Klaus Moesgaard

Personal information
- Full name: Klaus Moesgaard Andersen
- Date of birth: 13 February 1997 (age 29)
- Place of birth: Faster, Denmark
- Height: 1.80 m (5 ft 11 in)
- Position: Midfielder

Team information
- Current team: Ringkøbing
- Number: 8

Youth career
- Faster Boldklub
- 2010–2013: Skjern GF
- 2014–2017: Esbjerg fB

Senior career*
- Years: Team / Apps / (Gls)
- 2013–2014: Skjern GF / 13 / (16)
- 2017–2019: Esbjerg fB / 0 / (0)
- 2019–: Ringkøbing IF / 83 / (9)

= Klaus Moesgaard =

Danish footballer (born 1997)

Klaus Moesgaard Andersen (born 13 February 1997) is a Danish footballer who plays as a midfielder for Denmark Series club Ringkøbing IF.

==Career==
===Esbjerg fB===
Moesgaard started playing football at the age of 13 years-old at Skjern GF, before joining Esbjerg fB in 2014, at the age of 17 yesrs-old. Moesgaard had played for the first senior team of Skjern GF at that age and had helped the club to gain promotion, scoring 16 goals in 13 games in the 2013-14 season. The transfer to Esbjerg was set up by a person who worked for Skjern, who had a contact in Esbjerg fB and through this contact arranged a trial, which went well. He started playing with the U19's and in the summer of 2016, he signed a youth contract.

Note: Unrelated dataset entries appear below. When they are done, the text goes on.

(* For all $x,y\in\mathfrak M_{0,\mathrm{sa}}$, $\lim_{n\to\infty}\|L(F_n(x),F_n(y))\|=0$, where for $a,b\in\mathfrak M$, $L(a,b):=e^{ia}e^{ib}-e^{i(a+b)}e^{-\frac12[a,b]}$.
   Context: $\mathcal I$ is the set of finite intervals of $\mathbb Z$. $(\mathfrak M,(M_I)_{I\in\mathcal I})$ is a quasi-local algebra: unital $C^*$-algebra $\mathfrak M$, $W^*$-subalgebras $M_I$ with $M_I\subseteq M_J$ for $I\subseteq J$, $\mathfrak M_0:=\bigcup_IM_I$ dense, common unit, $M_I$ and $M_J$ commuting when $I\cap J=\varnothing$; $\mathfrak M_{0,\mathrm{sa}}$ denotes the self-adjoint elements of $\mathfrak M_0$. $\gamma:\mathbb Z\curvearrowright\mathfrak M$ is an action by $*$-automorphisms with $\gamma_j(M_I)=M_{I+j}$. $\chi$ is a $\gamma$-invariant multiplicative state ($\chi(xy)=\chi(x)\chi(y)$ for $x\in M_I,y\in M_J$, $I\cap J=\varnothing$). $(I_n)$ is an increasing sequence in $\mathcal I$ with union $\mathbb Z$, and $F_n(x)=|I_n|^{-1/2}\sum_{j\in I_n}(\gamma_j(x)-\chi(x)1)$. *)

theory Defs
  imports "HOL-Analysis.Analysis"
begin

text \<open>The complex scalar multiplication sm and the involution st are explicit parameters.\<close>

definition cstar_algebra :: "(complex \<Rightarrow> 'a::{banach,real_normed_algebra_1} \<Rightarrow> 'a) \<Rightarrow> ('a \<Rightarrow> 'a) \<Rightarrow> bool"
  where "cstar_algebra sm st \<longleftrightarrow>
    (\<forall>(r::real) x. sm (complex_of_real r) x = r *\<^sub>R x) \<and>
    (\<forall>c d x. sm (c * d) x = sm c (sm d x)) \<and>
    (\<forall>c d x. sm (c + d) x = sm c x + sm d x) \<and>
    (\<forall>c x y. sm c (x + y) = sm c x + sm c y) \<and>
    (\<forall>c x y. sm c (x * y) = sm c x * y \<and> sm c (x * y) = x * sm c y) \<and>
    (\<forall>c x. norm (sm c x) = cmod c * norm x) \<and>
    (\<forall>x. st (st x) = x) \<and>
    (\<forall>x y. st (x + y) = st x + st y) \<and>
    (\<forall>c x. st (sm c x) = sm (cnj c) (st x)) \<and>
    (\<forall>x y. st (x * y) = st y * st x) \<and>
    (\<forall>x. norm (st x * x) = (norm x)\<^sup>2)"

definition cstar_subalgebra :: "(complex \<Rightarrow> 'a \<Rightarrow> 'a) \<Rightarrow> ('a \<Rightarrow> 'a) \<Rightarrow> 'a::{banach,real_normed_algebra_1} set \<Rightarrow> bool"
  where "cstar_subalgebra sm st M \<longleftrightarrow>
    1 \<in> M \<and> 0 \<in> M \<and>
    (\<forall>x\<in>M. \<forall>y\<in>M. x + y \<in> M \<and> x * y \<in> M) \<and>
    (\<forall>c. \<forall>x\<in>M. sm c x \<in> M) \<and>
    (\<forall>x\<in>M. st x \<in> M) \<and>
    closed M"

definition bdd_clinear_on :: "(complex \<Rightarrow> 'a \<Rightarrow> 'a) \<Rightarrow> 'a::real_normed_vector set \<Rightarrow> ('a \<Rightarrow> complex) \<Rightarrow> bool"
  where "bdd_clinear_on sm M f \<longleftrightarrow>
    (\<forall>x\<in>M. \<forall>y\<in>M. f (x + y) = f x + f y) \<and>
    (\<forall>c. \<forall>x\<in>M. f (sm c x) = c * f x) \<and>
    (\<exists>K. \<forall>x\<in>M. cmod (f x) \<le> K * norm x) \<and>
    (\<forall>x. x \<notin> M \<longrightarrow> f x = 0)"

definition fnorm :: "'a::real_normed_vector set \<Rightarrow> ('a \<Rightarrow> complex) \<Rightarrow> real"
  where "fnorm M f = Sup {cmod (f x) | x. x \<in> M \<and> norm x \<le> 1}"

Moesgaard played several friendly games with the first team in the summer of 2016, and also began to train with the first team three times a week.

In April 2017, Moesgaard signed a contract extension despite being injured for the remainder of 2017. He was also promoted to the first team squad. He returned from injury in November 2018 and made his debut in the Danish Cup against fellow Superliga outfit SønderjyskE on 7 November 2018, appearing as a substitute in a 2-1 quarter-final win.

Moesgaard left the club at the end of the 2018–19 season.

===Ringkøbing IF===
On 30 July 2019, Danish 2nd Division club Ringkøbing IF announced that they had signed Moesgaard. He continued with the club at the start of the 2020 season despite having trials with clubs abroad he reached no agreement with them and so returned to the club.